The police did not recover any weapons, but they found nineteen cartridge cases at the

scene, most of which were located within nineteen feet of the front door of the club and on the

left side of the parking lot. Two cars belonging to persons who were at the club, which were

parked on the left side of the lot near the street, were hit by bullets.

At the conclusion of the Commonwealth’s case in chief, appellant moved to strike the

charges, arguing the evidence showed that he had acted in self-defense and that Code

§ 18.2-280(E) precluded the Commonwealth from prosecuting him for discharging a firearm in

public as well as aggravated malicious wounding and the related use of a firearm in the

-3- commission of that offense. The Commonwealth argued that the offenses had different

elements, and the court denied the motion. Appellant presented no evidence and renewed his

motion on the same grounds, which the court again denied.

This appeal followed.

ANALYSIS

I. Code § 18.2-280(E)

Code § 18.2-280 criminalizes the willful discharge of firearms in public places.

Depending on where the act occurs and whether anyone is injured, the offense may be punished

as a Class 1 misdemeanor, or a Class 4 or a Class 6 felony. Here, appellant was charged with a

Class 6 felony under Code § 18.2-280(A), namely, that he willfully discharged a firearm in a

public place, which resulted in bodily injury to another person. Appellant also was charged with

aggravated malicious wounding and the related use of a firearm. The jury acquitted appellant of

aggravated malicious wounding but convicted him of discharging a firearm in public under Code

§ 18.2-280 and use of a firearm in the commission or attempted commission of aggravated

malicious wounding or malicious wounding under Code § 18.2-53.1.

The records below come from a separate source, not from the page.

(* Let $A$ be a 2-sided residuated $\vee$-semilattice and let $F$ be a filter of $A$. Then $F$ equals the intersection of all $\vee$-prime filters of $A$ that contain $F$.
   Context: A residuated poset is a partially ordered semigroup $(A;\cdot,\le)$ with binary operations $\to,\leadsto$ such that $x\cdot y\le z$ iff $x\le y\to z$ iff $y\le x\leadsto z$. It is 2-sided if $x\cdot y\le x$ and $x\cdot y\le y$ for all $x,y$, and a residuated $\vee$-semilattice if $(A,\le)$ is a join-semilattice. A filter is a nonempty upward closed subset closed under $\cdot$. A filter $G$ is $\vee$-prime if $x\vee y\in G$ implies $x\in G$ or $y\in G$. The intersection of the empty family is $A$. *)

theory Defs
  imports Main
begin

definition residuated_poset ::
  "('a::order \<Rightarrow> 'a \<Rightarrow> 'a) \<Rightarrow> ('a \<Rightarrow> 'a \<Rightarrow> 'a) \<Rightarrow> ('a \<Rightarrow> 'a \<Rightarrow> 'a) \<Rightarrow> bool" where
  "residuated_poset m r l \<longleftrightarrow>
     (\<forall>x y z. m (m x y) z = m x (m y z)) \<and>
     (\<forall>x y z. x \<le> y \<longrightarrow> m x z \<le> m y z \<and> m z x \<le> m z y) \<and>
     (\<forall>x y z. (m x y \<le> z \<longleftrightarrow> x \<le> r y z) \<and> (m x y \<le> z \<longleftrightarrow> y \<le> l x z))"

definition two_sided :: "('a::order \<Rightarrow> 'a \<Rightarrow> 'a) \<Rightarrow> bool" where
  "two_sided m \<longleftrightarrow> (\<forall>x y. m x y \<le> x \<and> m x y \<le> y)"

definition residuated_sup_semilattice ::
  "('a::semilattice_sup \<Rightarrow> 'a \<Rightarrow> 'a) \<Rightarrow> ('a \<Rightarrow> 'a \<Rightarrow> 'a) \<Rightarrow> ('a \<Rightarrow> 'a \<Rightarrow> 'a) \<Rightarrow> bool" where
  "residuated_sup_semilattice m r l \<longleftrightarrow> residuated_poset m r l"

definition res_filter :: "('a::order \<Rightarrow> 'a \<Rightarrow> 'a) \<Rightarrow> 'a set \<Rightarrow> bool" where
  "res_filter m F \<longleftrightarrow> F \<noteq> {} \<and> (\<forall>x y. x \<in> F \<and> x \<le> y \<longrightarrow> y \<in> F) \<and>
     (\<forall>x y. x \<in> F \<and> y \<in> F \<longrightarrow> m x y \<in> F)"

definition sup_prime :: "('a::semilattice_sup) set \<Rightarrow> bool" where
  "sup_prime G \<longleftrightarrow> (\<forall>x y. sup x y \<in> G \<longrightarrow> x \<in> G \<or> y \<in> G)"

end

theory Submission
  imports Defs
begin

text \<open>
  If \<open>a \<notin> F\<close>, Zorn's lemma yields a filter \<open>G \<supseteq> F\<close> that is maximal among the filters
  avoiding \<open>a\<close>; it suffices to show that \<open>G\<close> is \<open>\<or>\<close>-prime. In a 2-sided residuated
  poset the filter generated by \<open>G\<close> and \<open>x\<close> consists of the upper bounds of the powers
  \<open>(g x)^n\<close> with \<open>g \<in> G\<close>. Residuation makes multiplication distribute over joins, and
  two-sidedness then gives \<open>(p \<or> q)^(i+j) \<le> p^i \<or> q^j\<close>. So if \<open>x, y \<notin> G\<close>, maximality
  puts \<open>a\<close> above a power of \<open>h x\<close> and of \<open>h y\<close> for a common \<open>h \<in> G\<close>, hence above a power
  of \<open>h (x \<or> y)\<close>, which lies in \<open>G\<close> as soon as \<open>x \<or> y\<close> does.
\<close>

lemma res_filter_Union_chain:
  assumes "C \<noteq> {}" and "\<And>G. G \<in> C \<Longrightarrow> res_filter m G" and "subset.chain UNIV C"
  shows "res_filter m (\<Union>C)"
  unfolding res_filter_def
proof (intro conjI allI impI)
  show "\<Union>C \<noteq> {}" using assms(1,2) unfolding res_filter_def by blast
next
  fix x y assume "x \<in> \<Union>C \<and> x \<le> y"
  then show "y \<in> \<Union>C" using assms(2) unfolding res_filter_def by blast
next
  fix x y assume "x \<in> \<Union>C \<and> y \<in> \<Union>C"
  then obtain X Y where XY: "X \<in> C" "Y \<in> C" "x \<in> X" "y \<in> Y" by blast
  with assms(3) have "X \<subseteq> Y \<or> Y \<subseteq> X" unfolding subset.chain_def by blast
  then show "m x y \<in> \<Union>C" using XY assms(2) unfolding res_filter_def by blast
qed

lemma res_filter_maximal_avoiding:
  assumes "res_filter m F" and "a \<notin> F"
  obtains G where "res_filter m G" "F \<subseteq> G" "a \<notin> G"
    "\<And>H. res_filter m H \<Longrightarrow> G \<subseteq> H \<Longrightarrow> a \<notin> H \<Longrightarrow> H = G"
proof -
  let ?S = "{G. res_filter m G \<and> F \<subseteq> G \<and> a \<notin> G}"
  have "\<exists>G\<in>?S. \<forall>H\<in>?S. G \<subseteq> H \<longrightarrow> H = G"
  proof (rule subset_Zorn_nonempty)
    show "?S \<noteq> {}" using assms by blast
  next
    fix C assume C: "C \<noteq> {}" "subset.chain ?S C"
    then have CS: "C \<subseteq> ?S" and "subset.chain UNIV C"
      unfolding subset.chain_def by auto
    with C(1) have "res_filter m (\<Union>C)"
      by (intro res_filter_Union_chain) auto
    moreover have "F \<subseteq> \<Union>C" "a \<notin> \<Union>C" using C(1) CS by blast+
    ultimately show "\<Union>C \<in> ?S" by blast
  qed
  then obtain G where "G \<in> ?S" and "\<forall>H\<in>?S. G \<subseteq> H \<longrightarrow> H = G" by blast
  then show thesis by (intro that) auto
qed

locale residuated_sup =
  fixes m r l :: "'a::semilattice_sup \<Rightarrow> 'a \<Rightarrow> 'a"
  assumes residuated: "residuated_poset m r l"
begin

lemma m_assoc: "m (m x y) z = m x (m y z)"
  using residuated unfolding residuated_poset_def by blast

lemma m_mono_left: "x \<le> y \<Longrightarrow> m x z \<le> m y z"
  using residuated unfolding residuated_poset_def by blast

lemma m_mono_right: "x \<le> y \<Longrightarrow> m z x \<le> m z y"
  using residuated unfolding residuated_poset_def by blast

lemma m_mono: "x \<le> x' \<Longrightarrow> y \<le> y' \<Longrightarrow> m x y \<le> m x' y'"
  by (meson m_mono_left m_mono_right order_trans)

lemma residual_right_iff: "m x y \<le> z \<longleftrightarrow> x \<le> r y z"
  using residuated unfolding residuated_poset_def by blast

lemma residual_left_iff: "m x y \<le> z \<longleftrightarrow> y \<le> l x z"
  using residuated unfolding residuated_poset_def by blast

lemma m_sup_distrib_right: "m (sup x y) z = sup (m x z) (m y z)"
proof (rule order.antisym)
  have "x \<le> r z (sup (m x z) (m y z))" "y \<le> r z (sup (m x z) (m y z))"
    by (simp_all flip: residual_right_iff)
  then show "m (sup x y) z \<le> sup (m x z) (m y z)"
    by (simp add: residual_right_iff)
qed (simp add: m_mono_left)

lemma m_sup_distrib_left: "m z (sup x y) = sup (m z x) (m z y)"
proof (rule order.antisym)
  have "x \<le> l z (sup (m z x) (m z y))" "y \<le> l z (sup (m z x) (m z y))"
    by (simp_all flip: residual_left_iff)
  then show "m z (sup x y) \<le> sup (m z x) (m z y)"
    by (simp add: residual_left_iff)
qed (simp add: m_mono_right)

text \<open>There is no unit, so the exponent is shifted: \<open>mpow x n\<close> is the product of \<open>n + 1\<close> copies of \<open>x\<close>.\<close>

fun mpow :: "'a \<Rightarrow> nat \<Rightarrow> 'a" where
  "mpow x 0 = x"
| "mpow x (Suc n) = m x (mpow x n)"

lemma mpow_mono: "x \<le> y \<Longrightarrow> mpow x n \<le> mpow y n"
  by (induction n) (simp_all add: m_mono)

lemma mpow_add: "mpow x (i + j + 1) = m (mpow x i) (mpow x j)"
  by (induction i) (simp_all add: m_assoc)

lemma mpow_in_res_filter: "res_filter m G \<Longrightarrow> x \<in> G \<Longrightarrow> mpow x n \<in> G"
  by (induction n) (auto simp: res_filter_def)

end

locale two_sided_residuated_sup = residuated_sup +
  assumes two_sided: "two_sided m"
begin

lemma m_le_left: "m x y \<le> x" and m_le_right: "m x y \<le> y"
  using two_sided unfolding two_sided_def by auto

lemma mpow_antimono: "n \<le> k \<Longrightarrow> mpow x k \<le> mpow x n"
proof (induction k rule: dec_induct)
  case (step k)
  then show ?case using m_le_right[of x "mpow x k"] by simp
qed simp

lemma mpow_sup_le: "mpow (sup p q) (i + j + 1) \<le> sup (mpow p i) (mpow q j)"
proof (induction "i + j" arbitrary: i j)
  case 0
  then show ?case using m_le_left[of "sup p q" "sup p q"] by simp
next
  case (Suc n)
  let ?s = "mpow (sup p q) (Suc n)"
  have p_part: "m p ?s \<le> sup (mpow p i) (mpow q j)"
  proof (cases "i = 0")
    case True
    then show ?thesis using m_le_left[of p ?s] by (simp add: le_supI1)
  next
    case False
    then obtain i' where i: "i = Suc i'" using not0_implies_Suc by blast
    with Suc.hyps have "?s \<le> sup (mpow p i') (mpow q j)" by simp
    then have "m p ?s \<le> m p (sup (mpow p i') (mpow q j))" by (rule m_mono_right)
    also have "\<dots> = sup (mpow p i) (m p (mpow q j))" by (simp add: i m_sup_distrib_left)
    also have "\<dots> \<le> sup (mpow p i) (mpow q j)"
      using m_le_right[of p "mpow q j"] by (simp add: le_supI2)
    finally show ?thesis .
  qed
  have q_part: "m q ?s \<le> sup (mpow p i) (mpow q j)"
  proof (cases "j = 0")
    case True
    then show ?thesis using m_le_left[of q ?s] by (simp add: le_supI2)
  next
    case False
    then obtain j' where j: "j = Suc j'" using not0_implies_Suc by blast
    with Suc.hyps have "?s \<le> sup (mpow p i) (mpow q j')" by simp
    then have "m q ?s \<le> m q (sup (mpow p i) (mpow q j'))" by (rule m_mono_right)
    also have "\<dots> = sup (m q (mpow p i)) (mpow q j)" by (simp add: j m_sup_distrib_left)
    also have "\<dots> \<le> sup (mpow p i) (mpow q j)"
      using m_le_right[of q "mpow p i"] by (simp add: le_supI1)
    finally show ?thesis .
  qed
  have "mpow (sup p q) (i + j + 1) = sup (m p ?s) (m q ?s)"
    using Suc.hyps(2)[symmetric] by (simp add: m_sup_distrib_right)
  with p_part q_part show ?case by simp
qed

definition filter_ext :: "'a set \<Rightarrow> 'a \<Rightarrow> 'a set" where
  "filter_ext G x = {z. \<exists>g\<in>G. \<exists>n. mpow (m g x) n \<le> z}"

lemma filter_ext_common_witness:
  assumes "res_filter m G" and "z \<in> filter_ext G x" and "w \<in> filter_ext G y"
  obtains h n where "h \<in> G" "mpow (m h x) n \<le> z" "mpow (m h y) n \<le> w"
proof -
  obtain g i g' j where g: "g \<in> G" "mpow (m g x) i \<le> z"
    and g': "g' \<in> G" "mpow (m g' y) j \<le> w"
    using assms(2,3) unfolding filter_ext_def by blast
  let ?h = "m g g'" and ?n = "i + j"
  have "mpow (m ?h x) ?n \<le> mpow (m g x) i"
    using mpow_mono[OF m_mono_left[OF m_le_left]] mpow_antimono[of i ?n]
    by (meson le_add1 order_trans)
  moreover have "mpow (m ?h y) ?n \<le> mpow (m g' y) j"
    using mpow_mono[OF m_mono_left[OF m_le_right]] mpow_antimono[of j ?n]
    by (meson le_add2 order_trans)
  moreover have "?h \<in> G" using assms(1) g g' unfolding res_filter_def by blast
  ultimately show thesis using that g g' order_trans by blast
qed

lemma res_filter_filter_ext:
  assumes G: "res_filter m G"
  shows "res_filter m (filter_ext G x)" "G \<subseteq> filter_ext G x" "x \<in> filter_ext G x"
proof -
  show "G \<subseteq> filter_ext G x"
  proof
    fix g assume "g \<in> G"
    moreover have "mpow (m g x) 0 \<le> g" by (simp add: m_le_left)
    ultimately show "g \<in> filter_ext G x" unfolding filter_ext_def by blast
  qed
  obtain g where "g \<in> G" using G unfolding res_filter_def by blast
  moreover have "mpow (m g x) 0 \<le> x" by (simp add: m_le_right)
  ultimately show x_in: "x \<in> filter_ext G x" unfolding filter_ext_def by blast
  have upward: "w \<in> filter_ext G x" if "z \<in> filter_ext G x" "z \<le> w" for z w
    using that unfolding filter_ext_def by (blast intro: order_trans)
  have mult: "m z w \<in> filter_ext G x"
    if z: "z \<in> filter_ext G x" and w: "w \<in> filter_ext G x" for z w
  proof -
    obtain h n where "h \<in> G" "mpow (m h x) n \<le> z" "mpow (m h x) n \<le> w"
      using filter_ext_common_witness[OF G z w] .
    moreover from this have "mpow (m h x) (n + n + 1) \<le> m z w"
      by (simp only: mpow_add m_mono)
    ultimately show ?thesis unfolding filter_ext_def by blast
  qed
  show "res_filter m (filter_ext G x)"
    unfolding res_filter_def using x_in upward mult by blast
qed

lemma filter_ext_eq_self:
  assumes "res_filter m G" and "x \<in> G"
  shows "filter_ext G x = G"
proof
  show "filter_ext G x \<subseteq> G"
  proof
    fix z assume "z \<in> filter_ext G x"
    then obtain g n where "g \<in> G" "mpow (m g x) n \<le> z" unfolding filter_ext_def by blast
    with assms have "mpow (m g x) n \<in> G"
      by (intro mpow_in_res_filter) (auto simp: res_filter_def)
    with assms(1) \<open>mpow (m g x) n \<le> z\<close> show "z \<in> G" unfolding res_filter_def by blast
  qed
qed (use assms res_filter_filter_ext in blast)

lemma filter_ext_Int_subset:
  assumes "res_filter m G"
  shows "filter_ext G x \<inter> filter_ext G y \<subseteq> filter_ext G (sup x y)"
proof
  fix a assume a: "a \<in> filter_ext G x \<inter> filter_ext G y"
  obtain h n where h: "h \<in> G" and bounds: "mpow (m h x) n \<le> a" "mpow (m h y) n \<le> a"
    using filter_ext_common_witness[OF assms IntD1[OF a] IntD2[OF a]] .
  have "mpow (m h (sup x y)) (n + n + 1) \<le> sup (mpow (m h x) n) (mpow (m h y) n)"
    unfolding m_sup_distrib_left by (rule mpow_sup_le)
  also have "\<dots> \<le> a" using bounds by (rule le_supI)
  finally have "mpow (m h (sup x y)) (n + n + 1) \<le> a" .
  with h show "a \<in> filter_ext G (sup x y)" unfolding filter_ext_def by blast
qed

lemma maximal_filter_avoiding_sup_prime:
  assumes G: "res_filter m G" and "a \<notin> G"
    and max: "\<And>H. res_filter m H \<Longrightarrow> G \<subseteq> H \<Longrightarrow> a \<notin> H \<Longrightarrow> H = G"
  shows "sup_prime G"
  unfolding sup_prime_def
proof (intro allI impI)
  fix x y assume xy: "sup x y \<in> G"
  have a_in_ext: "a \<in> filter_ext G z" if "z \<notin> G" for z
  proof (rule ccontr)
    assume "a \<notin> filter_ext G z"
    with res_filter_filter_ext[OF G] have "filter_ext G z = G" by (intro max)
    with res_filter_filter_ext(3)[OF G, of z] that show False by simp
  qed
  show "x \<in> G \<or> y \<in> G"
  proof (rule ccontr)
    assume "\<not> (x \<in> G \<or> y \<in> G)"
    with a_in_ext have "a \<in> filter_ext G x \<inter> filter_ext G y" by simp
    with filter_ext_Int_subset[OF G] have "a \<in> filter_ext G (sup x y)" by (rule subsetD)
    with filter_ext_eq_self[OF G xy] \<open>a \<notin> G\<close> show False by simp
  qed
qed

lemma sup_prime_filter_separation:
  assumes "res_filter m F" and "a \<notin> F"
  obtains G where "res_filter m G" "sup_prime G" "F \<subseteq> G" "a \<notin> G"
proof (rule res_filter_maximal_avoiding[OF assms])
  fix G assume G: "res_filter m G" "F \<subseteq> G" "a \<notin> G"
    and max: "\<And>H. res_filter m H \<Longrightarrow> G \<subseteq> H \<Longrightarrow> a \<notin> H \<Longrightarrow> H = G"
  from G(1,3) max have "sup_prime G" by (rule maximal_filter_avoiding_sup_prime)
  with G show thesis by (intro that)
qed

end

theorem corollary5p6:
  fixes m r l :: "'a::semilattice_sup \<Rightarrow> 'a \<Rightarrow> 'a" and F :: "'a set"
  assumes "residuated_sup_semilattice m r l"
    and "two_sided m"
    and "res_filter m F"
  shows "F = \<Inter> {G. res_filter m G \<and> sup_prime G \<and> F \<subseteq> G}"
proof -
  interpret two_sided_residuated_sup m r l
    using assms(1,2) by unfold_locales (simp_all add: residuated_sup_semilattice_def)
  have "a \<in> F" if a: "a \<in> \<Inter> {G. res_filter m G \<and> sup_prime G \<and> F \<subseteq> G}" for a
  proof (rule ccontr)
    assume "a \<notin> F"
    then obtain G where "res_filter m G" "sup_prime G" "F \<subseteq> G" "a \<notin> G"
      by (rule sup_prime_filter_separation[OF assms(3)])
    with a show False by blast
  qed
  then show ?thesis by blast
qed

end
lemma sum_support_case_nat:
  fixes g :: "nat \<Rightarrow> nat \<Rightarrow> 'a::comm_monoid_add"
  assumes "finite {i. N i \<noteq> 0}" and "\<And>i. g i 0 = 0"
  shows "(\<Sum>i | case_nat k N i \<noteq> 0. g i (case_nat k N i)) = g 0 k + (\<Sum>i | N i \<noteq> 0. g (Suc i) (N i))"
proof -
  have "(\<Sum>i | case_nat k N i \<noteq> 0. g i (case_nat k N i))
      = (\<Sum>i\<in>insert 0 (Suc ` {i. N i \<noteq> 0}). g i (case_nat k N i))"
    using assms support_case_nat_subset by (intro sum.mono_neutral_left) (auto split: nat.split_asm)
  also have "\<dots> = g 0 k + (\<Sum>i | N i \<noteq> 0. g (Suc i) (N i))"
    using assms(1) by (simp add: sum.reindex)
  finally show ?thesis .
qed

lemma prod_support_case_nat:
  fixes g :: "nat \<Rightarrow> nat \<Rightarrow> 'a::comm_monoid_mult"
  assumes "finite {i. N i \<noteq> 0}" and "\<And>i. g i 0 = 1"
  shows "(\<Prod>i | case_nat k N i \<noteq> 0. g i (case_nat k N i)) = g 0 k * (\<Prod>i | N i \<noteq> 0. g (Suc i) (N i))"
proof -
  have "(\<Prod>i | case_nat k N i \<noteq> 0. g i (case_nat k N i))
      = (\<Prod>i\<in>insert 0 (Suc ` {i. N i \<noteq> 0}). g i (case_nat k N i))"
    using assms support_case_nat_subset by (intro prod.mono_neutral_left) (auto split: nat.split_asm)
  also have "\<dots> = g 0 k * (\<Prod>i | N i \<noteq> 0. g (Suc i) (N i))"
    using assms(1) by (simp add: prod.reindex)
  finally show ?thesis .
qed

definition base_value :: "nat \<Rightarrow> (nat \<Rightarrow> nat) \<Rightarrow> nat" where
  "base_value q N = (\<Sum>i | N i \<noteq> 0. q ^ i * N i)"

lemma in_base_seqs_iff: "N \<in> base_seqs \<alpha> n \<longleftrightarrow> finite {i. N i \<noteq> 0} \<and> base_value (Suc \<alpha>) N = n"
  by (simp add: base_seqs_def base_value_def)

lemma base_value_case_nat:
  "finite {i. N i \<noteq> 0} \<Longrightarrow> base_value q (case_nat k N) = k + q * base_value q N"
  unfolding base_value_def
  by (subst sum_support_case_nat[where g = "\<lambda>i x. q ^ i * x"]) (simp_all add: sum_distrib_left mult.assoc)

lemma case_nat_in_base_seqs_iff:
  assumes "N \<in> base_seqs \<alpha> m"
  shows "case_nat k N \<in> base_seqs \<alpha> n \<longleftrightarrow> k + Suc \<alpha> * m = n"
  using assms unfolding in_base_seqs_iff finite_support_case_nat
  by (auto simp: base_value_case_nat)

lemma case_nat_shift: "case_nat (N 0) (\<lambda>i. N (Suc i)) = N"
  by (rule ext) (simp split: nat.split)

lemma bij_betw_case_nat_base_seqs:
  "bij_betw (\<lambda>((k, _), N). case_nat k N)
    (Sigma (digit_splits (Suc \<alpha>) n) (\<lambda>(_, m). base_seqs \<alpha> m)) (base_seqs \<alpha> n)"
proof -
  define f :: "(nat \<times> nat) \<times> (nat \<Rightarrow> nat) \<Rightarrow> nat \<Rightarrow> nat"
    where "f = (\<lambda>((k, _), N). case_nat k N)"
  define g where "g N = ((N 0, base_value (Suc \<alpha>) (\<lambda>i. N (Suc i))), \<lambda>i. N (Suc i))"
    for N :: "nat \<Rightarrow> nat"
  define S where "S = Sigma (digit_splits (Suc \<alpha>) n) (\<lambda>(_, m). base_seqs \<alpha> m)"
  have g_f: "g (f u) = u" if "u \<in> S" for u
    using that by (auto simp: S_def f_def g_def in_base_seqs_iff)
  have f_g: "f (g N) = N" for N
    by (simp add: f_def g_def case_nat_shift)
  have f_in: "f u \<in> base_seqs \<alpha> n" if "u \<in> S" for u
    using that by (auto simp: S_def f_def digit_splits_def case_nat_in_base_seqs_iff)
  have g_in: "g N \<in> S" if "N \<in> base_seqs \<alpha> n" for N
  proof -
    have "case_nat (N 0) (\<lambda>i. N (Suc i)) \<in> base_seqs \<alpha> n"
      using that by (simp add: case_nat_shift)
    then have "finite {i. N (Suc i) \<noteq> 0}"
      unfolding in_base_seqs_iff finite_support_case_nat by blast
    then have "(\<lambda>i. N (Suc i)) \<in> base_seqs \<alpha> (base_value (Suc \<alpha>) (\<lambda>i. N (Suc i)))"
      by (simp add: in_base_seqs_iff)
    with \<open>case_nat (N 0) (\<lambda>i. N (Suc i)) \<in> base_seqs \<alpha> n\<close> show ?thesis
      by (simp add: S_def g_def digit_splits_def case_nat_in_base_seqs_iff)
  qed
  have "bij_betw f S (base_seqs \<alpha> n)"
    by (rule bij_betw_byWitness[where f' = g]) (use g_f f_g f_in g_in in blast)+
  then show ?thesis
    unfolding f_def S_def .
qed
text \<open>\<open>J\<close> is a lattice in \<open>\<real>\<^sup>2\<close> under the two real embeddings: write \<open>(u, v)\<close> in the
  basis \<open>(x\<^sub>0, gal x\<^sub>0), (a x\<^sub>0, gal (a x\<^sub>0))\<close> and round the coordinates down.\<close>
lemma ideal_coarsely_dense:
  assumes J: "nonzero_ideal a J"
  shows "\<exists>R. \<forall>u v. \<exists>j\<in>J. \<bar>u - j\<bar> \<le> R \<and> \<bar>v - gal a j\<bar> \<le> R"
proof -
  obtain x0 where I: "is_ideal a J" and x0: "x0 \<in> J" "x0 \<noteq> 0" using J by (rule nonzero_idealE)
  have x0Z: "x0 \<in> Zring a" using x0 ideal_subset[OF I] by blast
  define y0 where "y0 = gal a x0"
  have y0: "y0 \<noteq> 0" unfolding y0_def using gal_nonzero[OF x0Z x0(2)] .
  define R where "R = \<bar>x0\<bar> * (1 + \<bar>a\<bar>) + \<bar>y0\<bar> * (1 + \<bar>a_conj\<bar>)"
  have "\<exists>j\<in>J. \<bar>u - j\<bar> \<le> R \<and> \<bar>v - gal a j\<bar> \<le> R" for u v
  proof -
    define r where "r = (u / x0 - v / y0) / (a - a_conj)"
    define s where "s = u / x0 - r * a"
    have su: "s + r * a = u / x0" unfolding s_def by simp
    have "r * (a - a_conj) = u / x0 - v / y0" unfolding r_def using a_conj_neq_a by simp
    hence sv: "s + r * a_conj = v / y0" unfolding s_def by (simp add: algebra_simps)
    define j where "j = x0 * (of_int \<lfloor>s\<rfloor> + of_int \<lfloor>r\<rfloor> * a)"
    have "j \<in> J" unfolding j_def using ideal_mult[OF I ZringI x0(1)] by (simp add: mult.commute)
    moreover have "gal a j = y0 * (of_int \<lfloor>s\<rfloor> + of_int \<lfloor>r\<rfloor> * a_conj)"
      unfolding j_def y0_def using gal_mult[OF x0Z ZringI] gal_coords by simp
    hence "v - gal a j = y0 * ((s - of_int \<lfloor>s\<rfloor>) + (r - of_int \<lfloor>r\<rfloor>) * a_conj)"
      using sv y0 by (simp add: field_simps)
    hence "\<bar>v - gal a j\<bar> \<le> \<bar>y0\<bar> * (1 + \<bar>a_conj\<bar>)" using abs_fractional_combination_le by metis
    moreover have "u - j = x0 * ((s - of_int \<lfloor>s\<rfloor>) + (r - of_int \<lfloor>r\<rfloor>) * a)"
      using su x0(2) unfolding j_def by (simp add: field_simps)
    hence "\<bar>u - j\<bar> \<le> \<bar>x0\<bar> * (1 + \<bar>a\<bar>)" using abs_fractional_combination_le by metis
    moreover have "\<bar>x0\<bar> * (1 + \<bar>a\<bar>) \<ge> 0" "\<bar>y0\<bar> * (1 + \<bar>a_conj\<bar>) \<ge> 0" by simp_all
    ultimately show ?thesis unfolding R_def by (meson add_increasing add_increasing2 order_trans)
  qed
  thus ?thesis by blast
qed
lemma d_le_sum_lambda_max:
  assumes fin: "finite M" and sub: "subalgebra m M" and "a \<in> M" "b \<in> M"
  shows "d a b \<le> (\<Sum>W\<in>sep_walls m M a b. lambda_max d m M W)"
  using fin sub \<open>a \<in> M\<close> \<open>b \<in> M\<close>
proof (rule finite_subalgebra_edge_induct)
  show "d b b \<le> (\<Sum>W\<in>sep_walls m M b b. lambda_max d m M W)"
    using d_eq_0_iff[of b b] by (simp add: sep_walls_refl)
next
  fix a c
  assume edge: "is_edge m M a c" and cab: "m a b c = c"
    and IH: "d c b \<le> (\<Sum>W\<in>sep_walls m M c b. lambda_max d m M W)"
  obtain W0 where W0: "sep_walls m M a c = {W0}"
    using edge card_1_singletonE unfolding is_edge_def by blast
  have "a \<in> M" "c \<in> M" using edge unfolding is_edge_def by auto
  then have "(\<Sum>W\<in>sep_walls m M a b. lambda_max d m M W)
      = lambda_max d m M W0 + (\<Sum>W\<in>sep_walls m M c b. lambda_max d m M W)"
    using sep_walls_interval_split[OF _ \<open>b \<in> M\<close> _ cab] W0 finite_sep_walls[OF fin]
    by (simp add: sum.union_disjoint)
  moreover have "d a c \<le> lambda_max d m M W0" using edge_le_lambda_max[OF fin edge] W0 by auto
  ultimately show "d a b \<le> (\<Sum>W\<in>sep_walls m M a b. lambda_max d m M W)"
    using d_triangle[of a b c] IH by linarith
qed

Code § 18.2-280(E) states: “Nothing in this statute shall preclude the Commonwealth

from electing to prosecute under any other applicable provision of law instead of this section.”

According to appellant, this subsection “does not allow the Commonwealth to charge a

defendant with discharging a firearm in public causing bodily injury and another crime involving

an injury that occurred from the same gunshot.”